# WORK ITEM:
Your response must be made up of each line in the data below that contains the string "definition".

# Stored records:
BEGIN

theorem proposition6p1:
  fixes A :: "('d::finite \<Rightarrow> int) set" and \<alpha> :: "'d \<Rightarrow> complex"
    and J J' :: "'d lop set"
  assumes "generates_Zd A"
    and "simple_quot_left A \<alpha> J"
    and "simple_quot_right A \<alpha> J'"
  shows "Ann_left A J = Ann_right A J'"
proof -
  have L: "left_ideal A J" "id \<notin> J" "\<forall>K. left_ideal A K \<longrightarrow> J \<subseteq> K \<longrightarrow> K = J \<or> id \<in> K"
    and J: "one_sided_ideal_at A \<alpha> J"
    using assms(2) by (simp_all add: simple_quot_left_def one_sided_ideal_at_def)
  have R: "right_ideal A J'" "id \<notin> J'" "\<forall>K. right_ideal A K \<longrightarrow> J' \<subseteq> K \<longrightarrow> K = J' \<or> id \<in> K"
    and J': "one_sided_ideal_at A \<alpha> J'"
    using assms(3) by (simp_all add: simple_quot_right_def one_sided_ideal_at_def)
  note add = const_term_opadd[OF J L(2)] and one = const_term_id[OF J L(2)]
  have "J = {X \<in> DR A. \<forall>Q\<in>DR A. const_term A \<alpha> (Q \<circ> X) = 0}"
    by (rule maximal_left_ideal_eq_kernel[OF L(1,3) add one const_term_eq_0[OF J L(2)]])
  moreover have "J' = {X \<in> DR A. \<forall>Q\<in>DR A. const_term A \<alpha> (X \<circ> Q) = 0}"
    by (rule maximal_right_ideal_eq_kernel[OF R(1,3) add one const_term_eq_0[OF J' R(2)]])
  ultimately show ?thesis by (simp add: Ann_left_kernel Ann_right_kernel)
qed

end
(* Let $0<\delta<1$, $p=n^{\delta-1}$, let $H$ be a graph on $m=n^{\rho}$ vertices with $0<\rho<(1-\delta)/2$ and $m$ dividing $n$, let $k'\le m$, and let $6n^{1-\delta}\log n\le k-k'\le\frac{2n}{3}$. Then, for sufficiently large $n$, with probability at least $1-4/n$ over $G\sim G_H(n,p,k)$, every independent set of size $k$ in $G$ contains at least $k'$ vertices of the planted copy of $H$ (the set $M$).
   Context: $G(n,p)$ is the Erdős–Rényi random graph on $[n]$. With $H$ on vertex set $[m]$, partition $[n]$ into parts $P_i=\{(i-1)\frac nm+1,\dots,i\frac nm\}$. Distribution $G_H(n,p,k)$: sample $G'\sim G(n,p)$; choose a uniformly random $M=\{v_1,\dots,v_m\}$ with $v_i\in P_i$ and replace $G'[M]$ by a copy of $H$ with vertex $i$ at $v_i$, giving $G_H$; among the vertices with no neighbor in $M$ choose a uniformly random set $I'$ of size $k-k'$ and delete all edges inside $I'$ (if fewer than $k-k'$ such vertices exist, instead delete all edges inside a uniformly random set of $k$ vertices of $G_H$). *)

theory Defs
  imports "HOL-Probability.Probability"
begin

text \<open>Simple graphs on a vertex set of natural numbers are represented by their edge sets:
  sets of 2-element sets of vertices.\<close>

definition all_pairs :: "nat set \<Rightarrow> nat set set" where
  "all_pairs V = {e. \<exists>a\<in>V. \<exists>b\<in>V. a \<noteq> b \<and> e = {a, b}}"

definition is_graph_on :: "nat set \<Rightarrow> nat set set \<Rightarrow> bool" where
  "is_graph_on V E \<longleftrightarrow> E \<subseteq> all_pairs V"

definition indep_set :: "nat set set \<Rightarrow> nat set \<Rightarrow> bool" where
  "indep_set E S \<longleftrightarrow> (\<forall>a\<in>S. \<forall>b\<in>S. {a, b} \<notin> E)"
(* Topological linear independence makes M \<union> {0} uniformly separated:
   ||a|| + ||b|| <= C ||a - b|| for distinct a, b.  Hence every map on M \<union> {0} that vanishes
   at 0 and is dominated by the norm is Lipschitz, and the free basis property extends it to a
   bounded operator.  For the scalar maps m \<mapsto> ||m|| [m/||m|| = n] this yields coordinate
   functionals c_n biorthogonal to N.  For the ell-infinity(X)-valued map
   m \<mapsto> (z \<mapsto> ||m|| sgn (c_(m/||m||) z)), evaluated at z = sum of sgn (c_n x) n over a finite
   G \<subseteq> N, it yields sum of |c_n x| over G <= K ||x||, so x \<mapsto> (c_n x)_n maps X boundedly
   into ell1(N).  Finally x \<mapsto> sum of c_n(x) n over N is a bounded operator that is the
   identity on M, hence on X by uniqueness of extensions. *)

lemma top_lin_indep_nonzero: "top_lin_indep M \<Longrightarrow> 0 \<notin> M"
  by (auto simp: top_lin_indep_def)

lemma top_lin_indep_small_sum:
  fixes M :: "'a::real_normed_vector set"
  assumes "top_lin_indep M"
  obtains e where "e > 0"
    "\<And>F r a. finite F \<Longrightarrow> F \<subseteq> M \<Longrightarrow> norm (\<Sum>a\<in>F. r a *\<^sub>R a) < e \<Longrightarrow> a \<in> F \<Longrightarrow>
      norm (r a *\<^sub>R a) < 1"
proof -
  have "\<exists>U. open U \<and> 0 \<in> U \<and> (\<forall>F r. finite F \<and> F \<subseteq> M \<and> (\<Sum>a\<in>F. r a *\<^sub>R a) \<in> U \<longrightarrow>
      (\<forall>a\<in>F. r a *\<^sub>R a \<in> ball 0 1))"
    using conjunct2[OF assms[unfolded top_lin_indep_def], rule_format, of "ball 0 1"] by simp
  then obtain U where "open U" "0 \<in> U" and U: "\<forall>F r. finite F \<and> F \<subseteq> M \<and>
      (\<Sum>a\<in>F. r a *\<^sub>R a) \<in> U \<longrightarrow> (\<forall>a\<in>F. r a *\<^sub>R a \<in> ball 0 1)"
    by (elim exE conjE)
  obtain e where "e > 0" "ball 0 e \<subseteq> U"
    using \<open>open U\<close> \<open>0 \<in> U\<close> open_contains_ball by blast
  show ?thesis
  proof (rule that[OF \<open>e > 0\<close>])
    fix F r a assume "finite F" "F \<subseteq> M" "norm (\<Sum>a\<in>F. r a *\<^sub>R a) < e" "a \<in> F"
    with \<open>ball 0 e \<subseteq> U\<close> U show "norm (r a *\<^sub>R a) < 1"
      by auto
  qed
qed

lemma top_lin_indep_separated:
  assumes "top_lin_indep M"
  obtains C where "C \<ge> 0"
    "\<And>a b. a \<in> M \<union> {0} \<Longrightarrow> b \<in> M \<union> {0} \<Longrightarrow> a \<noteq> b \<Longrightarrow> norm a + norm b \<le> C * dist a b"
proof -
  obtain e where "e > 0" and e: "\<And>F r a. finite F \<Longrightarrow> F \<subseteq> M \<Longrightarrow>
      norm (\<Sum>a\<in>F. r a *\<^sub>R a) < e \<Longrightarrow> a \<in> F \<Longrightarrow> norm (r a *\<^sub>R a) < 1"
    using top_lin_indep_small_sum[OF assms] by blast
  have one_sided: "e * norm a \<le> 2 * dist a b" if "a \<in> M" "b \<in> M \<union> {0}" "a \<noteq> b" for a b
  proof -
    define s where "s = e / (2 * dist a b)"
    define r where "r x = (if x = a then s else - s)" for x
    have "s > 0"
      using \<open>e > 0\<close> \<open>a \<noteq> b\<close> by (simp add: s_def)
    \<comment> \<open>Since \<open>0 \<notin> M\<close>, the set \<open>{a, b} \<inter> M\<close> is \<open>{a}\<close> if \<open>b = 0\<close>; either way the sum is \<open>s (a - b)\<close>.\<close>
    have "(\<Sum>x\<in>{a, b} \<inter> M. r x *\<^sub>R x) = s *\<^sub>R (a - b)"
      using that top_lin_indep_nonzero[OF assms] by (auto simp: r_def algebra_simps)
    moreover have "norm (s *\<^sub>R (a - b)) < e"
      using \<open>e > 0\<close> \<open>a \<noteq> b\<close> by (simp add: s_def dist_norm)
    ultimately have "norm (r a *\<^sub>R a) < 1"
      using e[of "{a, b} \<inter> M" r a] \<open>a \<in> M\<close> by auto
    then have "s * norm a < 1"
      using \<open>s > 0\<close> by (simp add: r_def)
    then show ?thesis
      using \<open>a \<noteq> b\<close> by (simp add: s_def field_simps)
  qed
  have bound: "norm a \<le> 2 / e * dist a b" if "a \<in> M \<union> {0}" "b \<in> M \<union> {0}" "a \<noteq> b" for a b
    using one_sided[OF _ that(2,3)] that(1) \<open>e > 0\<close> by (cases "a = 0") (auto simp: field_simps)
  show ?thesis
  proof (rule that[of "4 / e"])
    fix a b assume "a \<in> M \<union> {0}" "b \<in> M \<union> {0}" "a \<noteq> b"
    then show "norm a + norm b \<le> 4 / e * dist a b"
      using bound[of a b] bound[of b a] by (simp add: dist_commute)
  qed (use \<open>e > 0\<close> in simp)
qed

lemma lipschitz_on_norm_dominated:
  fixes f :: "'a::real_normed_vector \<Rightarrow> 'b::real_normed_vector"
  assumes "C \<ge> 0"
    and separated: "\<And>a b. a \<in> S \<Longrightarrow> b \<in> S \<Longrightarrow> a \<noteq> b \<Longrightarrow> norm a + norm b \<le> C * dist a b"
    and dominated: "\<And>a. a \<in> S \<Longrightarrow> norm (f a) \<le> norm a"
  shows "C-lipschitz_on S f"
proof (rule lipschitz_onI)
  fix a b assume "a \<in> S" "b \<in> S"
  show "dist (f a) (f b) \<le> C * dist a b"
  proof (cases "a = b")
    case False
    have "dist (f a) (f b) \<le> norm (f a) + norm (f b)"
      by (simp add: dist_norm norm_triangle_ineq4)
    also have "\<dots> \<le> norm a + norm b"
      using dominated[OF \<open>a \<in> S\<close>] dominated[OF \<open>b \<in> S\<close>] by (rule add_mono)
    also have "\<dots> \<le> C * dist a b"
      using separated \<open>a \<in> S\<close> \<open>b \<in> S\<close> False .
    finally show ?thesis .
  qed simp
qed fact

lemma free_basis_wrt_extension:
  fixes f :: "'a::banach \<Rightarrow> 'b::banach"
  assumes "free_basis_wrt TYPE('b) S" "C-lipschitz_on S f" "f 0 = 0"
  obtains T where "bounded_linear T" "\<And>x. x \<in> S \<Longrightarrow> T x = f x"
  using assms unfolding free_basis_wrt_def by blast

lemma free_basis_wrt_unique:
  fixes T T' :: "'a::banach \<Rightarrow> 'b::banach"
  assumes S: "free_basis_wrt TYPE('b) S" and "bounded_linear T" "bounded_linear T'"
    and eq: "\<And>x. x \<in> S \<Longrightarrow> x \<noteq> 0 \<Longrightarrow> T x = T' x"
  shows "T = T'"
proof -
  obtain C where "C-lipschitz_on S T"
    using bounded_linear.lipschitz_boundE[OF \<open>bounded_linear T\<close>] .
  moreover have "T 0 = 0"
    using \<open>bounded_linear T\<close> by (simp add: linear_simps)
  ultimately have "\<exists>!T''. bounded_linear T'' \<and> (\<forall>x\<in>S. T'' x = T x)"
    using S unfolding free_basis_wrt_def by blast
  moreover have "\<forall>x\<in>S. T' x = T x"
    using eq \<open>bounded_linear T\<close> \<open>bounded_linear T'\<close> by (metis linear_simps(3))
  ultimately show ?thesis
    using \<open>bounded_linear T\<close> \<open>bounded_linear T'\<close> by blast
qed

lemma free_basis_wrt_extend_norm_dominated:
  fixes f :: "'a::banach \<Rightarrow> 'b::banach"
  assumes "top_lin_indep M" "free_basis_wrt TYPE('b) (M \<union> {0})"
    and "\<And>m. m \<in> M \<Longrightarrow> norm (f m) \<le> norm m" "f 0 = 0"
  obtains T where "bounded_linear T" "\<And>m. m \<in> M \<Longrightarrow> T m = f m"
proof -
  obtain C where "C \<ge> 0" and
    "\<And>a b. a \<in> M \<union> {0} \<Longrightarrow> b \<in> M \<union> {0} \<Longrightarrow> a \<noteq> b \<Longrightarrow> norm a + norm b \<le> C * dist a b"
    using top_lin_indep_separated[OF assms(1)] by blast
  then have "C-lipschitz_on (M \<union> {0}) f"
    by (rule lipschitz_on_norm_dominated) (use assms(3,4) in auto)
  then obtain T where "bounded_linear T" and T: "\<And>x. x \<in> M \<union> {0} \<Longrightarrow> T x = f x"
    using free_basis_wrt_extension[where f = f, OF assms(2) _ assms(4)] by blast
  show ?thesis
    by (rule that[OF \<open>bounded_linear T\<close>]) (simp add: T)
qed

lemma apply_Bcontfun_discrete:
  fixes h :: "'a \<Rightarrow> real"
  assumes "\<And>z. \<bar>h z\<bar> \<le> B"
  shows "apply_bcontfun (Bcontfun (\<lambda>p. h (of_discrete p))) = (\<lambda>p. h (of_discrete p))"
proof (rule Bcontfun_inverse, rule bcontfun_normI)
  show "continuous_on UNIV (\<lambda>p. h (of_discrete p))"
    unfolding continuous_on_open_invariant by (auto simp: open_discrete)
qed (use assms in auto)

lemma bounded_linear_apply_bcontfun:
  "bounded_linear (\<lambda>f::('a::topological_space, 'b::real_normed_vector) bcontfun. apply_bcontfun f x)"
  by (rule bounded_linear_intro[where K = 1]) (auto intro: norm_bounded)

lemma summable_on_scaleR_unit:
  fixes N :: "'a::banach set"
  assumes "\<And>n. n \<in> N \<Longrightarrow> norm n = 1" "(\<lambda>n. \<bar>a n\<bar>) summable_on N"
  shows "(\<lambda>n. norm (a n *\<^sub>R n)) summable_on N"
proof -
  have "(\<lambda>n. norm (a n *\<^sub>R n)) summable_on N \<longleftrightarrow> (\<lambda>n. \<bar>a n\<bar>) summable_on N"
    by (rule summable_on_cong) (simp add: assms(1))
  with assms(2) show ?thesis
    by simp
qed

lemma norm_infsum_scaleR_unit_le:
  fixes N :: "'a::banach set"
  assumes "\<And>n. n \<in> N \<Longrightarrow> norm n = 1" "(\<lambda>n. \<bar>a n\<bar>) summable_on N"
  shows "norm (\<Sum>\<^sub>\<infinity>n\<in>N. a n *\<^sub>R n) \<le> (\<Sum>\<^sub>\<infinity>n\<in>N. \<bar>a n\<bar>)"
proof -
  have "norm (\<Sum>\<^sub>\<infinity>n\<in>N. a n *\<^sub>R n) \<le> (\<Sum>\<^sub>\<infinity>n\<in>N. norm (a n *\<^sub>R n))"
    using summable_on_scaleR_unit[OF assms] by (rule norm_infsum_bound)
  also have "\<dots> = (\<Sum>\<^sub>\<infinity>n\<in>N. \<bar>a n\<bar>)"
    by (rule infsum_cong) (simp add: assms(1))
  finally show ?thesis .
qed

END

# COMPLETED EXERCISE:
definition all_pairs :: "nat set \<Rightarrow> nat set set" where
definition is_graph_on :: "nat set \<Rightarrow> nat set set \<Rightarrow> bool" where
definition indep_set :: "nat set set \<Rightarrow> nat set \<Rightarrow> bool" where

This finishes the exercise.